How is Seam Carving like Latent Semantic Indexing?
In this post I’m going to do a quick overview of seam carving and how it looks just like dimensional reduction, an operation particularly useful in applications like search engines. If you are interested in Latent Semantic Analysis (or Latent Semantic Indexing), information retrieval, search engine optimisation or other related topics then you want to read on. If you don’t know what any of the things I’ve mentioned above are, you definitely will by the end of this post, especially after seeing the video. So take a look at the video and read on afterwards to find out how I think this is a good analogy to dimensional reduction.
So I’m comparing dimensional reduction on datasets like document stores with the resizing of images… it’s a stretch I know, but listen in and we’ll go over some of the similarities. Dimensionality reduction works differently to seam carving, but the aim is the same. To reduce a large space or set of data into a smaller one that best represents the original space. So this means the smaller data set is an approximation of the larger dataset. For example like we can use an average to summarise many, many points in a dataset, dimensional reduction and seam carving are basically like an average of a very large dataset.
In the seam carving video the least important “dimensions” are taken out of the picture incrementally, this leaves the features of the image in tact. A noise function is used to find the seams in the image that will be missed least when removed. The way dimensional reduction happens in many statistical operations is to find the features in the dataset that stand out the most. Tough maths is often used to find these features in a dataset. These two operations seem to be at opposites, but generally we end up with a remaining set of features that best describe the original dataset. This means we can store, manipulate, load and compare the smaller dataset a lot more effectively than the original larger dataset.
So we see that the principles between dimensionality reduction in datasets and seam carving are very similar, read on to find out some thing that dimsionality reduction in data does that seam carving doesn’t…
The Magic of Latent Semantic Indexing
The magic is actually apparent in many different dimensional reduction algorithms, not just LSI, but LSI is the one that most people are familiar with. What actually happens in very large datatsets such as those found in information retrieval systems is that dimensional reduction actually brings out hidden latent information that is in the data. This may be an association between two people, or words that was not identified before. Naturally this latent information doesn’t make a whole lot of sense in image resizing…
To see some other interesting uses of dimensionality reduction in image recognition check out the Eigenface page at wikipedia. There are lots of other resources for interesting dimensionality reduction applications out in the wild, if there is some interest I might write about some of them.
Worked Example with Code
If there is enough interest in this post I might do up an example of doing dimensional reduction on a dataset with some running code. I’ve got the code sitting amongst all my research code, I’d just have to pretty it up etc.

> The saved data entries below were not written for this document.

(* For every CEA $\mathcal{A}$ and every $\mathrm{SEL}\in\{\mathrm{STRICT},\mathrm{NEXT},\mathrm{LAST},\mathrm{MAX}\}$ there is a CEA $\mathcal{A}_{\mathrm{SEL}}$ such that $[\![\mathcal{A}_{\mathrm{SEL}}]\!](S)=[\![\mathrm{SEL}(\mathcal{A})]\!](S)$ for every stream $S$. Moreover, $\mathcal{A}_{\mathrm{STRICT}}$ has at most twice as many states and transitions as $\mathcal{A}$, and $\mathcal{A}_{\mathrm{NEXT}},\mathcal{A}_{\mathrm{LAST}},\mathcal{A}_{\mathrm{MAX}}$ have size at most exponential in $|\mathcal{A}|$.
   Context: Fix a schema $\mathcal{R}$ and let $\mathrm{tuples}(\mathcal{R})$ be the set of all its tuples. A stream is an infinite sequence $S=t_0t_1\ldots$ of tuples. A complex event is a non-empty finite subset of $\mathbb{N}$. Fix a set $\mathbf{U}$ of unary predicates (subsets of $\mathrm{tuples}(\mathcal{R})$), closed under union, intersection and complement, and containing $\mathrm{TRUE}=\mathrm{tuples}(\mathcal{R})$. A complex event automaton (CEA) is $\mathcal{A}=(Q,\Delta,I,F)$ with $Q$ a finite set of states, $I,F\subseteq Q$, and $\Delta\subseteq Q\times(\mathbf{U}\times\{\bullet,\circ\})\times Q$ finite. A run of $\mathcal{A}$ over $S$ reading $t_0\ldots t_n$ is $q_0\xrightarrow{P_0/m_0}q_1\cdots\xrightarrow{P_n/m_n}q_{n+1}$ with $q_0\in I$, $(q_i,(P_i,m_i),q_{i+1})\in\Delta$ and $t_i\in P_i$; accepting if $q_{n+1}\in F$. $\mathrm{match}(\rho)=\{i : m_i=\bullet\}$. $[\![\mathcal{A}]\!]_n(S)$ is the set of $\mathrm{match}(\rho)$ for accepting runs $\rho$ reading $t_0\ldots t_n$ with $n\in\mathrm{match}(\rho)$, and $[\![\mathcal{A}]\!](S)=\bigcup_n[\![\mathcal{A}]\!]_n(S)$. $|\mathcal{A}|=|Q|+|\Delta|$. Orders: $C_1\leq_{\mathrm{next}}C_2$ iff $C_1=C_2$ or $\min(C_1\triangle C_2)\in C_2$; $C_1\leq_{\mathrm{last}}C_2$ iff $C_1=C_2$ or $\max(C_1\triangle C_2)\in C_2$ ($\triangle$ = symmetric difference). Selection strategies: $C\in[\![\mathrm{STRICT}(\mathcal{A})]\!](S)$ iff $C\in[\![\mathcal{A}]\!](S)$ and $C$ is an interval $\{i,i+1,\dots,j\}$ of consecutive integers. $C\in[\![\mathrm{NEXT}(\mathcal{A})]\!](S)$ iff $C\in[\![\mathcal{A}]\!](S)$ and $C'\leq_{\mathrm{next}}C$ for every $C'\in[\![\mathcal{A}]\!](S)$ with $\max(C')=\max(C)$. $C\in[\![\mathrm{LAST}(\mathcal{A})]\!](S)$ iff $C\in[\![\mathcal{A}]\!](S)$ and $C'\leq_{\mathrm{last}}C$ for every $C'\in[\![\mathcal{A}]\!](S)$ with $\max(C')=\max(C)$. $C\in[\![\mathrm{MAX}(\mathcal{A})]\!](S)$ iff $C\in[\![\mathcal{A}]\!](S)$ and there is no $C'\in[\![\mathcal{A}]\!](S)$ with $\max(C')=\max(C)$ and $C\subsetneq C'$. *)

theory Defs
  imports Main
begin

text \<open>A transition is (p, (P, m), q) where the boolean m = True encodes the marking
bullet and m = False encodes the marking circ.\<close>

datatype ('q, 't) cea =
  CEA (states: "'q set") (trans: "('q \<times> ('t set \<times> bool) \<times> 'q) set")
      (init: "'q set") (final: "'q set")

type_synonym 't stream = "nat \<Rightarrow> 't"

definition is_cea :: "'t set set \<Rightarrow> ('q, 't) cea \<Rightarrow> bool" where
  "is_cea U A \<longleftrightarrow> finite (states A) \<and> finite (trans A)
     \<and> init A \<subseteq> states A \<and> final A \<subseteq> states A
     \<and> trans A \<subseteq> states A \<times> (U \<times> UNIV) \<times> states A"

definition cea_size :: "('q, 't) cea \<Rightarrow> nat" where
  "cea_size A = card (states A) + card (trans A)"

definition accepting_run ::
  "('q, 't) cea \<Rightarrow> 't stream \<Rightarrow> nat \<Rightarrow> (nat \<Rightarrow> 'q) \<Rightarrow> (nat \<Rightarrow> 't set) \<Rightarrow> (nat \<Rightarrow> bool) \<Rightarrow> bool" where
  "accepting_run A S n qs P m \<longleftrightarrow> qs 0 \<in> init A
     \<and> (\<forall>i\<le>n. (qs i, (P i, m i), qs (Suc i)) \<in> trans A \<and> S i \<in> P i)
     \<and> qs (Suc n) \<in> final A"

definition sem_at :: "('q, 't) cea \<Rightarrow> 't stream \<Rightarrow> nat \<Rightarrow> nat set set" where
  "sem_at A S n = {C. \<exists>qs P m. accepting_run A S n qs P m \<and> m n \<and> C = {i. i \<le> n \<and> m i}}"

definition sem :: "('q, 't) cea \<Rightarrow> 't stream \<Rightarrow> nat set set" where
  "sem A S = (\<Union>n. sem_at A S n)"

definition symdiff :: "nat set \<Rightarrow> nat set \<Rightarrow> nat set" where
  "symdiff C1 C2 = (C1 - C2) \<union> (C2 - C1)"

definition le_next :: "nat set \<Rightarrow> nat set \<Rightarrow> bool" where
  "le_next C1 C2 \<longleftrightarrow> C1 = C2 \<or> Min (symdiff C1 C2) \<in> C2"

definition le_last :: "nat set \<Rightarrow> nat set \<Rightarrow> bool" where
  "le_last C1 C2 \<longleftrightarrow> C1 = C2 \<or> Max (symdiff C1 C2) \<in> C2"

datatype selection = Strict | Next | Last | Max_sel

fun sel_sem :: "selection \<Rightarrow> ('q, 't) cea \<Rightarrow> 't stream \<Rightarrow> nat set set" where
  "sel_sem Strict A S = {C \<in> sem A S. \<exists>i j. C = {i..j}}"
| "sel_sem Next A S = {C \<in> sem A S. \<forall>C'\<in>sem A S. Max C' = Max C \<longrightarrow> le_next C' C}"
| "sel_sem Last A S = {C \<in> sem A S. \<forall>C'\<in>sem A S. Max C' = Max C \<longrightarrow> le_last C' C}"
| "sel_sem Max_sel A S = {C \<in> sem A S. \<not> (\<exists>C'\<in>sem A S. Max C' = Max C \<and> C \<subset> C')}"

end

theory Submission
  imports Defs
begin

text \<open>For STRICT it suffices to remember whether the previous position was marked and to
forbid an unmarked position after a marked one. For NEXT, LAST and MAX the new automaton
follows a run of A on a guessed marking and, by a subset construction, keeps track of all
competing runs of A, each together with a three-valued verdict that compares the
competitor's marking with the guessed one position by position. A guessed run is accepted
iff no competitor that also ends in a final state with its last position marked has won.
To make the subset construction deterministic on tuples, every transition also guesses
the exact set of transitions of A enabled by the current tuple; this set is described by
a Boolean combination of guards, so it lies in U. The states are triples of a state of A,
a bit and a set of configurations, which gives the exponential bound.\<close>

section \<open>Comparing markings\<close>

datatype verdict = Tie | Win | Lose

lemma UNIV_verdict: "(UNIV :: verdict set) = {Tie, Win, Lose}"
  using verdict.exhaust by auto

lemma card_UNIV_verdict: "card (UNIV :: verdict set) = 3"
  by (simp add: UNIV_verdict)

instance verdict :: finite
  by standard (simp add: UNIV_verdict)

text \<open>Reading the markings b' of a competing run and b of the current run position by
position, the verdict records whether the competitor's complex event is already known
to be preferred (Win), known not to be (Lose), or undecided (Tie).\<close>

fun verdict_step :: "selection \<Rightarrow> verdict \<Rightarrow> bool \<Rightarrow> bool \<Rightarrow> verdict" where
  "verdict_step Next d b' b = (if d = Tie \<and> b' \<noteq> b then (if b' then Win else Lose) else d)"
| "verdict_step Last d b' b = (if b' = b then d else if b' then Win else Lose)"
| "verdict_step Max_sel d b' b =
     (if d = Lose \<or> (b \<and> \<not> b') then Lose else if b' \<and> \<not> b then Win else d)"
| "verdict_step Strict d b' b = d"

fun run_verdict :: "selection \<Rightarrow> (nat \<Rightarrow> bool) \<Rightarrow> (nat \<Rightarrow> bool) \<Rightarrow> nat \<Rightarrow> verdict" where
  "run_verdict sel m' m 0 = Tie"
| "run_verdict sel m' m (Suc k) = verdict_step sel (run_verdict sel m' m k) (m' k) (m k)"

lemma run_verdict_cong: "(\<And>i. i < k \<Longrightarrow> m1 i = m2 i) \<Longrightarrow> run_verdict sel m1 m k = run_verdict sel m2 m k"
  by (induction k) auto

lemma run_verdict_Strict: "run_verdict Strict m' m k = Tie"
  by (induction k) simp_all

lemma run_verdict_Next:
  "(run_verdict Next m' m k = Tie \<longleftrightarrow> (\<forall>i<k. m' i = m i)) \<and>
   (run_verdict Next m' m k = Win \<longleftrightarrow> (\<exists>i<k. m' i \<and> \<not> m i \<and> (\<forall>j<i. m' j = m j)))"
  by (induction k) (auto simp: less_Suc_eq)

lemma run_verdict_Last:
  "(run_verdict Last m' m k = Tie \<longleftrightarrow> (\<forall>i<k. m' i = m i)) \<and>
   (run_verdict Last m' m k = Win \<longleftrightarrow> (\<exists>i<k. m' i \<and> \<not> m i \<and> (\<forall>j. i < j \<and> j < k \<longrightarrow> m' j = m j)))"
  by (induction k) (auto simp: less_Suc_eq)

lemma run_verdict_Max_sel:
  "(run_verdict Max_sel m' m k = Lose \<longleftrightarrow> (\<exists>i<k. m i \<and> \<not> m' i)) \<and>
   (run_verdict Max_sel m' m k = Win \<longleftrightarrow> \<not> (\<exists>i<k. m i \<and> \<not> m' i) \<and> (\<exists>i<k. m' i \<and> \<not> m i))"
  by (induction k) (auto simp: less_Suc_eq)

fun beats :: "selection \<Rightarrow> nat set \<Rightarrow> nat set \<Rightarrow> bool" where
  "beats Next C' C \<longleftrightarrow> \<not> le_next C' C"
| "beats Last C' C \<longleftrightarrow> \<not> le_last C' C"
| "beats Max_sel C' C \<longleftrightarrow> C \<subset> C'"
| "beats Strict C' C \<longleftrightarrow> False"

lemma ex_least_iff_Min:
  fixes D :: "'a::linorder set"
  assumes "finite D"
  shows "(\<exists>i\<in>D. P i \<and> (\<forall>j\<in>D. i \<le> j)) \<longleftrightarrow> D \<noteq> {} \<and> P (Min D)"
  using assms by (metis Min_eq_iff empty_iff)

lemma ex_greatest_iff_Max:
  fixes D :: "'a::linorder set"
  assumes "finite D"
  shows "(\<exists>i\<in>D. P i \<and> (\<forall>j\<in>D. j \<le> i)) \<longleftrightarrow> D \<noteq> {} \<and> P (Max D)"
  using assms by (metis Max_eq_iff empty_iff)

lemma symdiff_prefix_markings:
  "symdiff {i. i \<le> n \<and> m' i} {i. i \<le> n \<and> m i} = {i. i \<le> n \<and> m' i \<noteq> m i}"
  unfolding symdiff_def by auto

I should note here before someone else mentions it, seam carving is used on reducing a space of between 1 and 2 thousand dimensions to something like 400-500 dimensions. Typical datasets in information stores can have hundreds of thousands of dimensions, so dealing with information dimensional reduction can be a lot more processor heavy.

I wonder, have you heard of anyone applying seam carving to problems where LSA is typically used? It seems like there is an analog between expanding images and predicting missing values in the matrix. And I wouldn’t mind seeing that code, if it’s not too much work.
@Jason, actually while I was writing this I thought of that too. My intuition about calculating missing values as you expand the matrix is that it would be prohibitively expensive to calculate. My reasoning for this is that with the image resize there really are only two dimensions and the seam travels along one of them, but when you have 200,000 dimensions how do you efficiently calculate the seam? Or more generally how do you even define what a seam is?
As for the code, I’ll try and put something together. When I do I’ll post it here. My thesis is due in July, so I’m starting to feel the pressure.
Hi David,
I had the same idea when I saw the video a while back. My stumbling block is that the seam is not straight. Finding the least information containing none straight line in an image makes for the great result. But how do you do it in a HAL or LSA matrix? One could easily identify the least ‘useful’ columns but that appears to be a bit of a rough, low-tech SVDish approach
Hi Christian,
The other consideration is that a table of HAL/LSA data is actually normally very sparse, so there is no way the points would be able to join the whole way through, if at all! An image is a 2D representation, so if we had a table of data (how we normally see hal/lsa data) it’d only be two columns (x,y) so visualising removing columns and rows doesn’t quite fit.
In fact the closest thing I’ve found to seam carving is a group of theories known as diffusion geometries, I asked Keith van Rijsbergen about them when i saw him in Glasgow last year and he said they had piqued his interest too. They certainly look very intersting and powerful. The maths is quite hard to grasp though…. perhaps someone could shed more light on them.
my understanding is that there are a combination of adjacency information (ie graphs) and markov chains in high dimensional non-linear space. Some very very interesting stuff.